The most famous of the Shadow Factories was at Castle Bromwich near Birmingham, which today is the home of Jaguar Cars. The plant opened in June 1940 and after some initial problems went on to build 12,000 Spitfires of 22 variants!  The Shadow Plan also standardised development and production. For example, the Rolls Royce Merlin engine became the powerplant for most (but not all) wartime aircraft. The Plan also looked to the future by helping to fund the development of the jet engine and the world’s second operational jet fighter, the Gloster Meteor, which entered service with the RAF three months after the German Me 262.

By 1944 there were 175 dispersed Shadow Factories in operation, many of which were linked to industries not traditionally associated with defence but with relevant supply chain expertise. The most famous aircraft to come from the Plan apart from the Spitfire and Lancaster was the ‘wooden wonder’, the de Havilland Mosquito, a twin-engined fighter bomber that could outstrip most single-engined fighters. The RAF was not the only service to benefit. The new King George V class battleships were built from 1936 on by many workers and technicians recruited under the Shadow Plan, whilst the British Army got new tanks some of which, contrary to popular myth, were not at all bad.

The NATO Shadow Plan

Much of the European Defence, Technological and Industrial Base has been left to rot since the end of the Cold War. Production facilities are few, many are obsolete and orders even fewer and only seem to come when there is a political rather than a strategic imperative. Major systems only survive from cradle to grave because industry has learnt the vital need to tie government into contracts with punitive consequences when broken, whilst much of the ‘kit’ ordered has more to do with industrial policy rather than defence policy.

Consequently, the unit cost of equipment Allied forces desperately need is inflated, much of it obsolete before it is even fielded and/or because innovation and technological advancement have been ‘de-prioritised’. This has led to procurement disasters, Britain’s Ajax armoured infantry fighting vehicle, a platform that has had so many systems put on it looks more like a Christmas tree than an armoured vehicle. 

The Ukraine War has demonstrated the folly of emaciating Europe’s defence industrial base.  The Defence Production Action Plan is not yet a Shadow Plan and is not to be yet another of those ‘wizard wheezes’ announced with much NATO fanfare only to be lost in the vacuum of political irresolution it will need to be pushed through. It will also need to forge new partnerships across the entirety of a radically reconceived European security and defence supply chain that includes the Alliance, EU, governments, prime contractors, defence sub-contractors, systems-developers and providers who have thus far had little or nothing to do with defence.

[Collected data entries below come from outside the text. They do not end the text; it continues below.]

lemma exists_popular_dyadic_class:
  assumes fin: "finite A" and "A \<noteq> {}"
  obtains H' j where "H' \<subseteq> cons_diffs A"
    "\<And>h. h \<in> H' \<Longrightarrow> 2 ^ j \<le> card (diff_class A h) \<and> card (diff_class A h) \<le> 2 * 2 ^ j"
    "real (card A - 1) \<le> 2 * real (floor_log (card A - 1) + 1) * 2 ^ j * real (card H')"
proof -
  define c where "c h = card (diff_class A h)" for h
  have "c h \<le> card A - 1" for h
  proof -
    have "diff_class A h \<subseteq> non_max A" unfolding diff_class_def by auto
    then show ?thesis
      unfolding c_def using card_mono[OF finite_non_max[OF fin]] card_non_max[OF assms] by simp
  qed
  then obtain j where j: "real (\<Sum>h\<in>cons_diffs A. c h)
      \<le> real (floor_log (card A - 1) + 1) * real (\<Sum>h\<in>{h \<in> cons_diffs A. floor_log (c h) = j}. c h)"
    using dyadic_pigeonhole[OF finite_cons_diffs[OF fin]] by blast
  define H' where "H' = {h \<in> cons_diffs A. floor_log (c h) = j}"
  have bounds: "2 ^ j \<le> c h \<and> c h \<le> 2 * 2 ^ j" if "h \<in> H'" for h
  proof -
    have "0 < c h"
      using that diff_class_nonempty finite_diff_class[OF fin] by (auto simp: H'_def c_def card_gt_0_iff)
    then show ?thesis using floor_log_class_bounds that by (auto simp: H'_def)
  qed
  then have "(\<Sum>h\<in>H'. c h) \<le> card H' * (2 * 2 ^ j)"
    using sum_bounded_above[of H' c] by auto
  then have "real (\<Sum>h\<in>H'. c h) \<le> real (card H' * (2 * 2 ^ j))"
    by (simp only: of_nat_le_iff)
  also have "\<dots> = 2 * 2 ^ j * real (card H')" by simp
  finally have "real (\<Sum>h\<in>H'. c h) \<le> 2 * 2 ^ j * real (card H')" .
  then have "real (floor_log (card A - 1) + 1) * real (\<Sum>h\<in>H'. c h)
      \<le> real (floor_log (card A - 1) + 1) * (2 * 2 ^ j * real (card H'))"
    by (rule mult_left_mono) simp
  with j have "real (card A - 1) \<le> real (floor_log (card A - 1) + 1) * (2 * 2 ^ j * real (card H'))"
    using sum_card_diff_class[OF assms] unfolding H'_def c_def by linarith
  then have "real (card A - 1) \<le> 2 * real (floor_log (card A - 1) + 1) * 2 ^ j * real (card H')"
    by (simp only: mult_ac)
  moreover have "H' \<subseteq> cons_diffs A" unfolding H'_def by auto
  ultimately show ?thesis
    using bounds by (intro that[of H' j]) (simp_all add: c_def)
qed

lemma card_over_log_le:
  fixes N :: nat
  assumes "16 \<le> N"
  shows "real N / (3 * log 2 (real N)) \<le> (real N - 1) / (2 * (real (floor_log (N - 1)) + 1))"
proof -
  define l where "l = log 2 (real N)"
  define K where "K = real (floor_log (N - 1))"
  have "log 2 (2 ^ 4) \<le> l" unfolding l_def using assms by (subst log_le_cancel_iff) auto
  then have l4: "4 \<le> l" by (subst (asm) log_pow_cancel) auto
  have "2 ^ floor_log (N - 1) \<le> N" using floor_log_exp2_le[of "N - 1"] assms by simp
  then have "log 2 (2 ^ floor_log (N - 1)) \<le> l"
    unfolding l_def using assms by (subst log_le_cancel_iff) (auto simp flip: of_nat_le_iff)
  then have Kl: "K \<le> l" by (simp add: K_def)
  have "(l - 2) * (real N - 3) \<ge> 2 * 13" using assms l4 by (intro mult_mono) auto
  then have "2 * (l + 1) * real N \<le> 3 * l * (real N - 1)" by (simp add: algebra_simps)
  moreover have "2 * (K + 1) * real N \<le> 2 * (l + 1) * real N" using Kl by (intro mult_right_mono) auto
  ultimately have "real N * (2 * (K + 1)) \<le> (real N - 1) * (3 * l)" by (simp add: mult_ac)
  then show ?thesis
    using l4 by (simp add: divide_simps K_def l_def)
qed

theorem lemma6:
  "\<exists>N0::nat. \<forall>A :: real set. finite A \<and> card A \<ge> N0 \<longrightarrow>
     (\<exists>H' :: real set. \<exists>L :: nat.
        H' \<noteq> {} \<and> H' \<subseteq> cons_diffs A \<and> L > 0 \<and>
        real L * real (card H') \<ge> real (card A) / (3 * log 2 (real (card A))) \<and>
        real (card (sumsum_diff A)) \<ge> real L * real (card H')^2 / 2 \<and>
        (\<forall>h\<in>H'. L \<le> card (diff_class A h) \<and> card (diff_class A h) \<le> 2 * L))"
proof (intro exI[of _ 16] allI impI, elim conjE)
  fix A :: "real set"
  assume fin: "finite A" and large: "16 \<le> card A"
  then have "A \<noteq> {}" by auto
  obtain H' j where sub: "H' \<subseteq> cons_diffs A"
    and bounds: "\<And>h. h \<in> H' \<Longrightarrow> 2 ^ j \<le> card (diff_class A h) \<and> card (diff_class A h) \<le> 2 * 2 ^ j"
    and mass: "real (card A - 1) \<le> 2 * real (floor_log (card A - 1) + 1) * 2 ^ j * real (card H')"
    using exists_popular_dyadic_class[OF fin \<open>A \<noteq> {}\<close>] by blast
  define L :: nat where "L = 2 ^ j"
  have "(real (card A) - 1) / (2 * (real (floor_log (card A - 1)) + 1)) \<le> real L * real (card H')"
    using mass large by (simp add: L_def pos_divide_le_eq of_nat_diff ac_simps)
  then have lower: "real (card A) / (3 * log 2 (real (card A))) \<le> real L * real (card H')"
    using card_over_log_le[OF large] by linarith
  have "H' \<noteq> {}"
  proof
    assume "H' = {}"
    with mass large show False by simp
  qed
  moreover have "real L * real (card H') ^ 2 / 2 \<le> real (card (sumsum_diff A))"
    by (rule card_sumsum_diff_ge[OF fin sub]) (simp add: bounds L_def)
  moreover have "L > 0" by (simp add: L_def)
  ultimately show "\<exists>H' L. H' \<noteq> {} \<and> H' \<subseteq> cons_diffs A \<and> L > 0 \<and>
        real L * real (card H') \<ge> real (card A) / (3 * log 2 (real (card A))) \<and>
        real (card (sumsum_diff A)) \<ge> real L * real (card H')^2 / 2 \<and>
        (\<forall>h\<in>H'. L \<le> card (diff_class A h) \<and> card (diff_class A h) \<le> 2 * L)"
    using sub lower bounds unfolding L_def by blast
qed

end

The Shadow Plan is the great unsung hero of the British war effort between 1935 and 1945. Without the Plan Britain would have been defeated in 1940.  The Alliance may not be AT war but is certainly engaged IN war and, like Britain in 1935, it most certainly is engaged in a systemic struggle, even if many leaders are in denial whatever the rhetoric. Such struggles are not won by fine words, lofty summits and well-written communiqués crafted to meet the political need of the moment.  They are won by the sustained, systemic, and considered application of resources, technologies, equipment and forces over time and space. 

One final thought: if NATO does not learn and apply such lessons from the past the Chinese and Russians will.